To quote Bugs Bunny, a philosopher and thinker as brilliant as Mr. Stoeller himself:

“What a maroon.”

UPDATE

Pat Curley has his own thoughts on Stoeller’s idiocy as well as some artwork that describes our buddy Matty to a “T.”

UPDATE

Jimbo in the comments reminds me of the #1 rule in journalistic combat: If you are going to attack someone, make sure you spell his name right.

I apologize to Mr. Stoller for spelling his name wrong. I guess that lets me out as a left wing Hollywood publicist who wouldn’t care about whether his client’s publicity was good or bad just as long as the actor’s name was spelled correctly.

As you can imagine, the loony lefties who visit here constantly spell my name wrong, insisting on spelling it Moron rather than the correct, Irish spelling which is Moran.

I don’t have the heart to tell them that the last time someone consistently spelled my name that way was back in the third grade when I was sitting next to Judy Pignataro who used to pass me notes with nothing but the word “Moron” written on it about a dozen times. The comparison holds up pretty well.

3/31/2006

QUICK HITS (RATHER THAN THE USUAL BLATHER)

Filed under: General — Rick Moran @ 7:15 pm

So many things going on today that there’s no time to give them the “Ricky Treatment” - the soulful, meandering, almost coherent ramblings that are the hallmark of this blog in its ongoing defense of the values found in Western Civilization…

Yeah, so? It’s Friday already.

Anyway, here are some items catching my eye this afternoon..

JILL CARROLL: 15 YARD PENALTY FOR PILING ON?

What is wrong with my fellow right wing nuts?

Here we have this poor woman held captive for three months and the page at Memorandum is full of people criticizing her for 1) wearing Muslim dress, 2) praising her captives for their fine treatment of her, 3) not condemning same, 4) and even some criticism of a statement she made with a gun to her head about how bad we Americans are.

That last was figuratively written as some - Macsmind for one - smell a rat. Mac, a former intelligence professional, is not one to go off the deep end so his blog bears watching on this subject. Alexandra however, is willing to give the reporter the benefit of the doubt as is Rusty Shacklelford.

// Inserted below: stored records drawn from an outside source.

lemma coop_state_coins_before:
  "(\<And>j. j \<in> coins_before n \<Longrightarrow> \<omega> j = \<omega>' j) \<Longrightarrow> coop_state \<omega> (1, 1) n = coop_state \<omega>' (1, 1) n"
proof (induction n)
  case (Suc n)
  have IH: "coop_state \<omega> (1, 1) n = coop_state \<omega>' (1, 1) n"
    using Suc.prems by (intro Suc.IH) (auto simp: coins_before_Suc)
  obtain x y where st: "coop_state \<omega> (1, 1) n = (x, y)" by fastforce
  have "2 * (x + y) \<le> 4 * 3 ^ n" using coop_state_bound[OF st] by simp
  then have same: "\<omega> (b, n, i) = \<omega>' (b, n, i)" if "i < 2 * (x + y)" for b i
    using Suc.prems that by (auto simp: coins_before_Suc coins_at_def)
  have "{i. i < 2 * (x + y) \<and> \<omega> (True, n, i)} = {i. i < 2 * (x + y) \<and> \<omega>' (True, n, i)}"
    using same by blast
  moreover have "{i. i < 2 * min x y \<and> \<omega> (False, n, i)} = {i. i < 2 * min x y \<and> \<omega>' (False, n, i)}"
  proof -
    have "i < 2 * (x + y)" if "i < 2 * min x y" for i using that by simp
    then show ?thesis using same by blast
  qed
  ultimately show ?case using st IH[symmetric] by (simp del: One_nat_def)
qed simp

lemma coop_Z_coins_before:
  "(\<And>j. j \<in> coins_before n \<Longrightarrow> \<omega> j = \<omega>' j) \<Longrightarrow> coop_Z \<omega> (1, 1) n = coop_Z \<omega>' (1, 1) n"
  unfolding coop_Z_def using coop_state_coins_before by metis

lemma coop_Z_Suc_eq_0: "coop_Z \<omega> s n = 0 \<Longrightarrow> coop_Z \<omega> s (Suc n) = 0"
  by (cases "coop_state \<omega> s n") (auto simp: coop_Z_def min_def split: if_splits)

lemma coop_Z_event_in_sets:
  "{\<omega> \<in> space (coop_space p q). P (coop_Z \<omega> (1, 1) n)} \<in> sets (coop_space p q)"
  unfolding coop_space_eq_PiM_coin_pmf
  by (rule finitely_determined_in_sets_PiM_pmf[OF finite_coins_before])
     (rule arg_cong[where f=P], rule coop_Z_coins_before, blast)

lemma measure_coop_Z_event:
  "measure (coop_space p q) {\<omega> \<in> space (coop_space p q). P (coop_Z \<omega> (1, 1) n)}
     = measure_pmf.prob (Pi_pmf (coins_before n) False (coin_pmf p q)) {f. P (coop_Z f (1, 1) n)}"
  unfolding coop_space_eq_PiM_coin_pmf
  by (rule measure_finitely_determined_PiM_pmf[OF finite_coins_before])
     (rule arg_cong[where f=P], rule coop_Z_coins_before, blast)

section \<open>Minima of independent binomial variables\<close>

lemma binomial_pmf_add:
  assumes r: "r \<in> {0..1}"
  shows "binomial_pmf (m + k) r = map_pmf (\<lambda>(a, b). a + b) (pair_pmf (binomial_pmf m r) (binomial_pmf k r))"
proof (induction m)
  case 0
  show ?case using r by (simp add: binomial_pmf_0 pair_return_pmf1 pmf.map_comp o_def)
next
  case (Suc m)
  show ?case using r
    by (simp add: binomial_pmf_Suc Suc.IH pair_pmf_def map_bind_pmf bind_map_pmf bind_assoc_pmf
        bind_return_pmf add.assoc)
qed

lemma nn_integral_pmf_swap:
  fixes A :: "'a pmf" and B :: "'b pmf"
  shows "(\<integral>\<^sup>+x. \<integral>\<^sup>+y. f x y \<partial>B \<partial>A) = (\<integral>\<^sup>+y. \<integral>\<^sup>+x. f x y \<partial>A \<partial>B)"
proof -
  have "(\<integral>\<^sup>+x. \<integral>\<^sup>+y. f x y \<partial>B \<partial>A) = (\<integral>\<^sup>+z. f (fst z) (snd z) \<partial>pair_pmf A B)"
    by (simp add: nn_integral_pair_pmf')
  also have "pair_pmf A B = map_pmf (\<lambda>(x, y). (y, x)) (pair_pmf B A)"
    by (rule pair_commute_pmf)
  also have "(\<integral>\<^sup>+z. f (fst z) (snd z) \<partial>map_pmf (\<lambda>(x, y). (y, x)) (pair_pmf B A))
      = (\<integral>\<^sup>+y. \<integral>\<^sup>+x. f x y \<partial>A \<partial>B)"
    by (simp add: nn_integral_pair_pmf' case_prod_unfold)
  finally show ?thesis .
qed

I can see the Italian communist propagandist Guiliana Sgrena , who gave so many versions of her ordeal that they could have made 3 different Mini-series out of it, having herself kidnapped for political purposes but not a serious journalist like Carroll. Let’s wait a few days and see what she has to say when she gets her feet back on the ground before judging her for any real or imagined transgression.

CYNTHIA MCKINNEY: STRANGE BUT TRUE

From what I understand, Representative McKinney has been involved in 4 other similar spats with security guards in the House all because she refuses to wear her Member’s pin. Is it asking too much that our guards be able to recognize the 535 faces of lawmakers?

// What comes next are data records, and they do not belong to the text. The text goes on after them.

(* Let $\epsilon\neq 0$ be a constant. Let the functions $m^i_{\ e}$ ($3\le i\le e\le N$, with $m^i_{\ e}=0$ for $e<i$ and $m^i_{\ i}>0$) be smooth functions of the variables $(x^3-\epsilon u, x^4,\dots,x^N)$ only. Put $g_{ef}=\sum_i m^i_{\ e}m^i_{\ f}$ and write $m_{33}=m^3_{\ 3}$. Let the following be arbitrary smooth functions: - $H(u,x^3,\dots,x^N)$; - $F_2$ and $E_n$ ($n=4,\dots,N$), functions of $(x^3-\epsilon u,x^4,\dots,x^N)$; - $f(x^3,\dots,x^N)$. Let $\Phi(u,x^3,\dots,x^N)$ be any smooth function with $\partial_u\Phi = \partial_3 H$, and fix $u_0$. Define $$\hat W_3 = \Phi + \epsilon^{-1}\big(F_2+f\big),\qquad L_n = \partial_nH + \epsilon\,\partial_n\Phi+\partial_n f,$$ $$\hat W_n(u,x)=\int_{u_0}^{u} L_n(z,x^3-\epsilon u+\epsilon z,x^4,\dots,x^N)\,dz+E_n(x^3-\epsilon u,x^4,\dots,x^N).$$ Then the vector field $$X = n + F_2\,\ell+\epsilon\, m_{33}\, m_3$$ is a Killing vector field of the metric $g = 2\,du\,\big(dv + H\,du + \hat W_e\,dx^e\big) + g_{ef}\,dx^e dx^f$, with $$g(X,X) = 2F_2+\epsilon^2 m_{33}^{\,2}.$$ In particular, for any choice of $F_2\le -\tfrac12\epsilon^2m_{33}^{\,2}$ (possible because $F_2$ and $m_{33}$ depend on the same variables), $X$ is everywhere timelike or null.
   Context: Work on an open set with coordinates $(u,v,x^3,\dots,x^N)$, $N\ge 3$. The indices $e,f$ run over $3,\dots,N$ and are summed, and the indices $n,m$ run over $4,\dots,N$. Derivatives are written $\partial_u=\partial/\partial u$ and $\partial_e=\partial/\partial x^e$. The frame vectors associated with the metric $g$ above are $$\ell=\partial_v,\qquad n=\partial_u - H\,\partial_v,\qquad m_i = m_i^{\ e}\big(\partial_e-\hat W_e\,\partial_v\big),$$ where $m_i^{\ e}$ is the inverse of the matrix $(m^i_{\ e})$, i.e. $\sum_e m^i_{\ e}m_j^{\ e}=\delta_{ij}$. Since $(m^i_{\ e})$ is upper triangular, $m_3 = m_{33}^{-1}\big(\partial_3 - \hat W_3\,\partial_v\big)$. For a vector field $X = X_1 n+X_2\ell+\sum_i X_im_i$ one has $g(X,X) = 2X_1X_2+\sum_i X_i^2$. *)

theory Defs
  imports "HOL-Analysis.Analysis"
begin
lemma lattice_ball_card_bounded:
  fixes M :: "real ^ 'n ^ 'n"
  assumes "invertible M"
  obtains N where "\<And>c. finite (lattice M \<inter> ball c R)" "\<And>c. card (lattice M \<inter> ball c R) \<le> N"
proof -
  obtain M' where M': "M ** M' = mat 1" "M' ** M = mat 1"
    using assms unfolding invertible_def by blast
  obtain K where "K > 0" and K: "\<And>x. norm (M' *v x) \<le> norm x * K"
    using bounded_linear.pos_bounded[OF matrix_vector_mul_bounded_linear[of M']] by blast
  have inj: "inj_on (\<lambda>p. M' *v p) A" for A
    by (rule inj_on_inverseI[where g = "\<lambda>k. M *v k"]) (simp add: matrix_vector_mul_assoc M')
  define Z where "Z c = {k. (\<forall>i. k $ i \<in> \<int>) \<and> (\<forall>i. \<bar>k $ i - (M' *v c) $ i\<bar> < K * R)}" for c
  define N where "N = nat (\<lfloor>2 * (K * R)\<rfloor> + 1) ^ CARD('n)"
  have image_sub: "(\<lambda>p. M' *v p) ` (lattice M \<inter> ball c R) \<subseteq> Z c" for c
  proof clarify
    fix p assume "p \<in> lattice M" "p \<in> ball c R"
    then obtain k where k: "p = M *v k" "\<forall>i. k $ i \<in> \<int>" unfolding lattice_def by blast
    have "\<bar>(M' *v p) $ i - (M' *v c) $ i\<bar> < K * R" for i
    proof -
      have "\<bar>(M' *v p) $ i - (M' *v c) $ i\<bar> = \<bar>(M' *v (p - c)) $ i\<bar>"
        by (simp add: matrix_vector_mult_diff_distrib)
      also have "\<dots> \<le> norm (M' *v (p - c))" by (rule component_le_norm_cart)
      also have "\<dots> \<le> norm (p - c) * K" by (rule K)
      also have "\<dots> < R * K" using \<open>p \<in> ball c R\<close> \<open>K > 0\<close> by (simp add: dist_norm norm_minus_commute)
      finally show ?thesis by (simp add: mult.commute)
    qed
    moreover have "M' *v p = k" using k M' by (simp add: matrix_vector_mul_assoc)
    ultimately show "M' *v p \<in> Z c" using k unfolding Z_def by auto
  qed
  show ?thesis
  proof (rule that)
    fix c
    have "finite (Z c)" and card_Z: "card (Z c) \<le> N"
      unfolding Z_def N_def by (rule finite_card_integer_vectors_near)+
    then show "finite (lattice M \<inter> ball c R)"
      using finite_imageD[OF finite_subset[OF image_sub] inj] by blast
    have "card (lattice M \<inter> ball c R) = card ((\<lambda>p. M' *v p) ` (lattice M \<inter> ball c R))"
      using inj by (rule card_image[symmetric])
    also have "\<dots> \<le> card (Z c)" using \<open>finite (Z c)\<close> image_sub by (rule card_mono)
    finally show "card (lattice M \<inter> ball c R) \<le> N" using card_Z by linarith
  qed
qed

That’s an awful lot of faces. Unless the guards have been given a course in memory retention, the average human can remember 200 - 300 faces , which means that there is a likelihood that Representative McKinney will not be recognized. This is especially true if she changes her hair style, something she complained about earlier.

In defense of McKinney, she is one of only 14 black members of the House which should mean that this visual clue of skin color should make remembering her face that much easier. Unfortunately, the probability is that officers are trained to check first for the pin without even looking at the face. And since she said she was in a hurry, it is also probable that the guard never saw her face at all.

Blaming racism, as her lawyer does here is unfortunate. When what was apparently an honest mistake on the part of the guard is turned into a political hot potato in order to deflect attention from the issue of Representative McKinney’s possible assault charge, everyone loses. It would have been much better if 1) the guards are given a refresher course in memory retention, and 2) McKinney grow up, act like an adult, and wear her damn Member’s pin.

Perhaps then we can get back to the people’s business in the House…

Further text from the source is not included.